Il passaggio finale della «processazione» ci offre ancora un esempio della logica pratica che informa le procedure del laboratorio di citogenetica, secondo cui le instabilità del campione vanno sfruttate per ottenere l’omogeneità dei preparati. In altre parole, i campioni sono indirizzati su percorsi diversi e sono monitorati al fine di comprendere quali di queste strade si è rivelata essere la migliore e la più adeguata. Siccome non è possibile stabilizzare una unica procedura tanto vale introdurvi elementi di diversità e verificare il divario tra i risultati. Il continuo affacciarsi dell’eccezione destabilizza un ordine normativo prefissato che, tuttavia, si compie solo grazie a un processo flessibile di «disciplinamento» delle cellule basato sull’instabilità dei preparati e delle procedure, ovvero sull’incertezza estesa.

5. Conclusioni

Il «vetrino perfetto» così come il numero dei cromosomi condividono nella prospettiva dell’incertezza estesa lo stesso statuto di approssimazioni della relazione tra azione e oggetti.
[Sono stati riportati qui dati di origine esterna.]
lemma vnorm_triangle: "vnorm d (x - z) \<le> vnorm d (x - y) + vnorm d (y - z)"
proof -
  have "L2_set (\<lambda>k. (x k - y k) + (y k - z k)) {..<d}
      \<le> L2_set (\<lambda>k. x k - y k) {..<d} + L2_set (\<lambda>k. y k - z k) {..<d}"
    by (rule L2_set_triangle_ineq)
  then show ?thesis by (simp add: vnorm_eq_L2_set fun_diff_def)
qed

lemma vnorm_minus_commute: "vnorm d (x - y) = vnorm d (y - x)"
  by (simp add: vnorm_def power2_commute)

lemma vnorm_diff_le: "vnorm d (x - y) \<le> vnorm d x + vnorm d y"
proof -
  have "L2_set (\<lambda>k. x k + (- y k)) {..<d} \<le> L2_set x {..<d} + L2_set (\<lambda>k. - y k) {..<d}"
    by (rule L2_set_triangle_ineq)
  then show ?thesis by (simp add: vnorm_eq_L2_set L2_set_def)
qed

lemma abs_vnorm_diff_le: "\<bar>vnorm d (x - y) - vnorm d (x' - y)\<bar> \<le> vnorm d (x - x')"
  using vnorm_triangle[of d x y x'] vnorm_triangle[of d x' y x]
  by (simp add: abs_le_iff vnorm_minus_commute[of d x' x])

lemma abs_component_le_vnorm: "k < d \<Longrightarrow> \<bar>x k\<bar> \<le> vnorm d x"
  unfolding vnorm_def by (rule real_le_rsqrt) (auto intro: member_le_sum)

lemma sqdist_eq_vnorm: "sqdist d x y = (vnorm d (x - y))\<^sup>2"
  by (simp add: sqdist_def vnorm_def sum_nonneg)

lemma abs_le_half_plus_half_sq: "\<bar>v\<bar> \<le> 1/2 + v\<^sup>2/2" for v :: real
proof -
  have "0 \<le> (\<bar>v\<bar> - 1)\<^sup>2" by simp
  then show ?thesis by (simp add: power2_eq_square algebra_simps)
qed

lemma abs_times_exp_neg_le:
  fixes u p c :: real
  assumes "0 \<le> u" and "\<bar>p\<bar> \<le> c * (1 + u + u\<^sup>2/2)"
  shows "\<bar>p\<bar> * exp (- u) \<le> c"
proof -
  have "0 < 1 + u + u\<^sup>2/2" using assms(1) by (simp add: add_pos_nonneg)
  then have "0 \<le> c" using assms(2) by (smt (verit) zero_le_mult_iff)
  then have "\<bar>p\<bar> \<le> c * exp u"
    using assms(2) exp_lower_Taylor_quadratic[OF assms(1)] by (meson mult_left_mono order_trans)
  then show ?thesis by (simp add: exp_minus field_simps)
qed

lemma power2_sum_le: "(x + y)\<^sup>2 \<le> 2 * x\<^sup>2 + 2 * y\<^sup>2" for x y :: real
  using sum_squares_bound[of x y] by (simp add: power2_sum)

lemma sqrt_le_self: "1 \<le> x \<Longrightarrow> sqrt x \<le> x"
  using mult_right_mono[of 1 "sqrt x" "sqrt x"] by simp

lemma exp_neg_mult_ln: "0 < x \<Longrightarrow> exp (- (real k * ln x)) = 1 / x ^ k"
  by (simp add: exp_minus exp_of_nat_mult inverse_eq_divide)

section \<open>Radial kernels\<close>

definition radial_kernel ::
    "(real \<Rightarrow> real) \<Rightarrow> nat \<Rightarrow> real \<Rightarrow> (nat \<Rightarrow> real) \<Rightarrow> (nat \<Rightarrow> real) \<Rightarrow> real"
  where "radial_kernel h d \<sigma> x y = h (vnorm d (x - y) / \<sigma>)"

locale kernel_profile =
  fixes h h' :: "real \<Rightarrow> real"
  assumes has_deriv: "\<And>v. (h has_real_derivative h' v) (at v)"
    and range: "\<And>v. h v \<in> {0..1}"
    and deriv_bound: "\<And>v. \<bar>h' v\<bar> \<le> 4"
    and scaled_deriv_bound: "\<And>v. \<bar>v * h' v\<bar> \<le> 4"
begin

lemma borel_measurable_profile [measurable]: "h \<in> borel_measurable borel"
  using has_deriv by (intro borel_measurable_continuous_onI DERIV_continuous_on)
    (auto intro: has_field_derivative_at_within)

lemma lipschitz: "\<bar>h a - h b\<bar> \<le> 4 * \<bar>a - b\<bar>"
  using field_differentiable_bound[of UNIV h h' 4 a b] has_deriv deriv_bound by auto

lemma lipschitz_in_scale:
  assumes "0 < \<delta>" "\<delta> \<le> s" "\<delta> \<le> s'"
  shows "\<bar>h (r / s) - h (r / s')\<bar> \<le> 4 / \<delta> * \<bar>s - s'\<bar>"
proof -
  have deriv: "((\<lambda>s. h (r / s)) has_real_derivative - (r / z * h' (r / z)) / z) (at z within {\<delta>..})"
    if "z \<in> {\<delta>..}" for z
  proof -
    have "z \<noteq> 0" using that assms by auto
    then have "((\<lambda>s. r / s) has_real_derivative - r / z\<^sup>2) (at z)"
      by (auto intro!: derivative_eq_intros simp: power2_eq_square)
    from DERIV_chain2[OF has_deriv this] \<open>z \<noteq> 0\<close> show ?thesis
      by (auto intro: has_field_derivative_at_within simp: power2_eq_square algebra_simps)
  qed
  have bound: "norm (- (r / z * h' (r / z)) / z) \<le> 4 / \<delta>" if "z \<in> {\<delta>..}" for z
  proof -
    have "\<bar>r / z * h' (r / z)\<bar> / z \<le> 4 / z"
      using that assms scaled_deriv_bound[of "r / z"] by (intro divide_right_mono) auto
    also have "\<dots> \<le> 4 / \<delta>" using that assms by (intro divide_left_mono) auto
    finally show ?thesis using that assms by (simp add: abs_divide)
  qed
  show ?thesis
    using field_differentiable_bound[OF convex_real_interval(1) deriv bound, of s s'] assms by simp
qed

lemma radial_kernel_lipschitz:
  assumes "0 < \<delta>" "\<delta> \<le> \<sigma>" "\<delta> \<le> \<sigma>'"
  shows "\<bar>radial_kernel h d \<sigma> x y - radial_kernel h d \<sigma>' x' y\<bar>
    \<le> 4 / \<delta> * (vnorm d (x - x') + \<bar>\<sigma> - \<sigma>'\<bar>)"
proof -
  define r r' where "r = vnorm d (x - y)" and "r' = vnorm d (x' - y)"
  have "\<bar>h (r / \<sigma>) - h (r' / \<sigma>)\<bar> \<le> 4 * (\<bar>r - r'\<bar> / \<sigma>)"
    using lipschitz[of "r / \<sigma>" "r' / \<sigma>"] assms by (simp add: diff_divide_distrib[symmetric] abs_divide)
  also have "\<dots> \<le> 4 / \<delta> * vnorm d (x - x')"
    using abs_vnorm_diff_le[of d x y x'] assms unfolding r_def r'_def
    by (simp add: frac_le)
  finally have "\<bar>h (r / \<sigma>) - h (r' / \<sigma>)\<bar> \<le> 4 / \<delta> * vnorm d (x - x')" .
  moreover have "\<bar>h (r' / \<sigma>) - h (r' / \<sigma>')\<bar> \<le> 4 / \<delta> * \<bar>\<sigma> - \<sigma>'\<bar>"
    by (rule lipschitz_in_scale[OF assms])
  ultimately show ?thesis
    unfolding radial_kernel_def r_def[symmetric] r'_def[symmetric] by (simp add: distrib_left)
qed

end

definition kf_profile :: "real \<Rightarrow> real" where "kf_profile v = exp (- (v\<^sup>2/2))"

definition kg_profile :: "real \<Rightarrow> real" where "kg_profile v = v\<^sup>2/2 * exp (- (v\<^sup>2/2))"

lemma kf_eq_radial_kernel: "kf d = radial_kernel kf_profile d"
  by (simp add: fun_eq_iff kf_def radial_kernel_def kf_profile_def sqdist_eq_vnorm power_divide)

lemma kg_eq_radial_kernel: "kg d = radial_kernel kg_profile d"
  by (simp add: fun_eq_iff kg_def radial_kernel_def kg_profile_def sqdist_eq_vnorm power_divide mult.commute)

interpretation kf_profile: kernel_profile kf_profile "\<lambda>v. - v * exp (- (v\<^sup>2/2))"
proof
  fix v :: real
  define u where "u = v\<^sup>2/2"
  have u: "0 \<le> u" by (simp add: u_def)
  show "(kf_profile has_real_derivative - v * exp (- (v\<^sup>2/2))) (at v)"
    unfolding kf_profile_def by (auto intro!: derivative_eq_intros)
  show "kf_profile v \<in> {0..1}" by (simp add: kf_profile_def)
  have "\<bar>- v\<bar> \<le> 1/2 + u" using abs_le_half_plus_half_sq[of v] unfolding u_def by simp
  also have "\<dots> \<le> 4 * (1 + u + u\<^sup>2/2)" using u by (simp add: algebra_simps add_increasing2)
  finally have "\<bar>- v\<bar> * exp (- u) \<le> 4" by (rule abs_times_exp_neg_le[OF u])
  then show "\<bar>- v * exp (- (v\<^sup>2/2))\<bar> \<le> 4" by (simp add: u_def abs_mult)
  have "\<bar>v * - v\<bar> = 2 * u" by (simp add: u_def power2_eq_square)
  also have "\<dots> \<le> 4 * (1 + u + u\<^sup>2/2)" using u by (simp add: algebra_simps add_increasing2)
  finally have "\<bar>v * - v\<bar> * exp (- u) \<le> 4" by (rule abs_times_exp_neg_le[OF u])
  then show "\<bar>v * (- v * exp (- (v\<^sup>2/2)))\<bar> \<le> 4" by (simp add: u_def abs_mult)
qed

interpretation kg_profile: kernel_profile kg_profile "\<lambda>v. v * (1 - v\<^sup>2/2) * exp (- (v\<^sup>2/2))"
proof
  fix v :: real
  define u where "u = v\<^sup>2/2"
  have u: "0 \<le> u" by (simp add: u_def)
  show "(kg_profile has_real_derivative v * (1 - v\<^sup>2/2) * exp (- (v\<^sup>2/2))) (at v)"
    unfolding kg_profile_def
    by (auto intro!: derivative_eq_intros simp: power2_eq_square field_simps)
  have "\<bar>u\<bar> * exp (- u) \<le> 1"
    using u by (intro abs_times_exp_neg_le) (simp_all add: algebra_simps add_increasing2)
  then show "kg_profile v \<in> {0..1}" using u by (simp add: kg_profile_def u_def)
  have "\<bar>v * (1 - u)\<bar> \<le> (1/2 + u) * (1 + u)"
    using abs_le_half_plus_half_sq[of v] u unfolding abs_mult u_def[symmetric]
    by (intro mult_mono) auto
  also have "\<dots> \<le> 4 * (1 + u + u\<^sup>2/2)"
    using u by (simp add: algebra_simps power2_eq_square add_increasing2)
  finally have "\<bar>v * (1 - u)\<bar> * exp (- u) \<le> 4" by (rule abs_times_exp_neg_le[OF u])
  then show "\<bar>v * (1 - v\<^sup>2/2) * exp (- (v\<^sup>2/2))\<bar> \<le> 4" by (simp add: u_def abs_mult)
  have "\<bar>v * (v * (1 - u))\<bar> = 2 * u * \<bar>1 - u\<bar>" using u unfolding u_def by (simp add: abs_mult power2_eq_square)
  also have "\<dots> \<le> 4 * (1 + u + u\<^sup>2/2)"
    using u by (simp add: abs_if algebra_simps power2_eq_square add_increasing2)
  finally have "\<bar>v * (v * (1 - u))\<bar> * exp (- u) \<le> 4" by (rule abs_times_exp_neg_le[OF u])
  then show "\<bar>v * (v * (1 - v\<^sup>2/2) * exp (- (v\<^sup>2/2)))\<bar> \<le> 4" by (simp add: u_def abs_mult)
qed

lemma kg_eq_kf: "kg d \<sigma> x y = sqdist d x y / (2 * \<sigma>\<^sup>2) * kf d \<sigma> x y"
  by (simp add: kg_def kf_def)

lemma sum_kg_le_sum_kf:
  assumes "\<And>j. j \<in> J \<Longrightarrow> vnorm d (Y j) \<le> R" "vnorm d x \<le> R" "0 < \<delta>" "\<delta> \<le> \<sigma>"
  shows "(\<Sum>j\<in>J. kg d \<sigma> x (Y j)) \<le> 2 * R\<^sup>2 / \<delta>\<^sup>2 * (\<Sum>j\<in>J. kf d \<sigma> x (Y j))"
  unfolding sum_distrib_left
proof (intro sum_mono)
  fix j assume "j \<in> J"
  have "vnorm d (x - Y j) \<le> 2 * R" using vnorm_diff_le[of d x "Y j"] assms \<open>j \<in> J\<close> by fastforce
  then have "sqdist d x (Y j) \<le> (2 * R)\<^sup>2" unfolding sqdist_eq_vnorm by (intro power_mono vnorm_nonneg)
  then have "sqdist d x (Y j) / (2 * \<sigma>\<^sup>2) \<le> (2 * R)\<^sup>2 / (2 * \<delta>\<^sup>2)"
    using assms by (intro frac_le mult_left_mono power_mono) auto
  then show "kg d \<sigma> x (Y j) \<le> 2 * R\<^sup>2 / \<delta>\<^sup>2 * kf d \<sigma> x (Y j)"
    unfolding kg_eq_kf by (intro mult_right_mono) (auto simp: kf_def power_mult_distrib)
qed

section \<open>Grids\<close>

definition scale_grid :: "real \<Rightarrow> nat \<Rightarrow> real set"
  where "scale_grid \<delta> n = (\<lambda>k. \<delta> + real k / real n) ` {0..n * n}"

definition coord_grid :: "nat \<Rightarrow> real set"
  where "coord_grid n = (\<lambda>k. of_int k / real n) ` {- int (n * n)..int (n * n)}"

definition point_grid :: "nat \<Rightarrow> nat \<Rightarrow> (nat \<Rightarrow> real) set"
  where "point_grid d n = PiE {..<d} (\<lambda>_. coord_grid n)"

lemma finite_scale_grid: "finite (scale_grid \<delta> n)"
  by (simp add: scale_grid_def)

lemma finite_point_grid: "finite (point_grid d n)"
  by (simp add: point_grid_def coord_grid_def finite_PiE)

lemma card_grid_le:
  assumes "1 \<le> n"
  shows "card (point_grid d n \<times> scale_grid \<delta> n) \<le> 2 * 3 ^ d * (n\<^sup>2) ^ (d + 1)"
proof -
  have "card {- int (n * n)..int (n * n)} = 2 * n\<^sup>2 + 1"
    by (simp add: power2_eq_square nat_add_distrib nat_mult_distrib)
  then have "card (coord_grid n) \<le> 2 * n\<^sup>2 + 1"
    unfolding coord_grid_def by (metis card_image_le finite_atLeastAtMost_int)
  also have "\<dots> \<le> 3 * n\<^sup>2" using assms by simp
  finally have "card (coord_grid n) ^ d \<le> (3 * n\<^sup>2) ^ d" by (rule power_mono) simp
  then have coord: "card (point_grid d n) \<le> (3 * n\<^sup>2) ^ d" by (simp add: point_grid_def card_PiE)
  have "card (scale_grid \<delta> n) \<le> n\<^sup>2 + 1"
    using card_image_le[of "{0..n * n}" "\<lambda>k. \<delta> + real k / real n"] by (simp add: scale_grid_def power2_eq_square)
  also have "\<dots> \<le> 2 * n\<^sup>2" using assms by simp
  finally have "card (point_grid d n \<times> scale_grid \<delta> n) \<le> (3 * n\<^sup>2) ^ d * (2 * n\<^sup>2)"
    using coord by (simp add: card_cartesian_product mult_mono)
  also have "\<dots> = 2 * 3 ^ d * (n\<^sup>2) ^ (d + 1)"
    by (simp only: power_mult_distrib power_Suc2 Suc_eq_plus1[symmetric] mult_ac)
  finally show ?thesis .
qed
Su questa relazione, che mai può dirsi definitiva, e non su una prova empirica assolutamente evidente, si fonda l’unica garanzia della solidità dei dati di volta in volta prodotti. Tramite questa chiave di lettura è possibile situare i dispositivi di camouflage e decamouflage nei termini della contingente relazione tracciata dall’incertezza estesa. Proponendo alcuni momenti chiave della storia della citogenetica e delle metodiche in uso nei laboratori di citogenetica clinica si è cercato di stabilire un ponte tra il lavoro scientifico di scoperta e quello di routine. Nel primo caso, l’incertezza estesa, sebbene si tenti di annullarla attraverso resoconti univoci del fenomeno scientifico, alimenta la ricerca scientifica stessa ponendo a essa nuovi traguardi; nel secondo caso, invece, l’incertezza s’innerva nelle stesse metodiche di laboratorio, che assomigliano a canovacci con alcuni capisaldi, piuttosto che a narrazioni lineari. Dispositivi di decamouflage e camouflage sono quindi una parte integrante della costruzione materiale di significato insito nel processo di armonizzazione tra pratiche e risultati oggettivizzati che costituisce una parte centrale dei processi di costruzione, stabilizzazione e disseminazione dei fatti scientifici.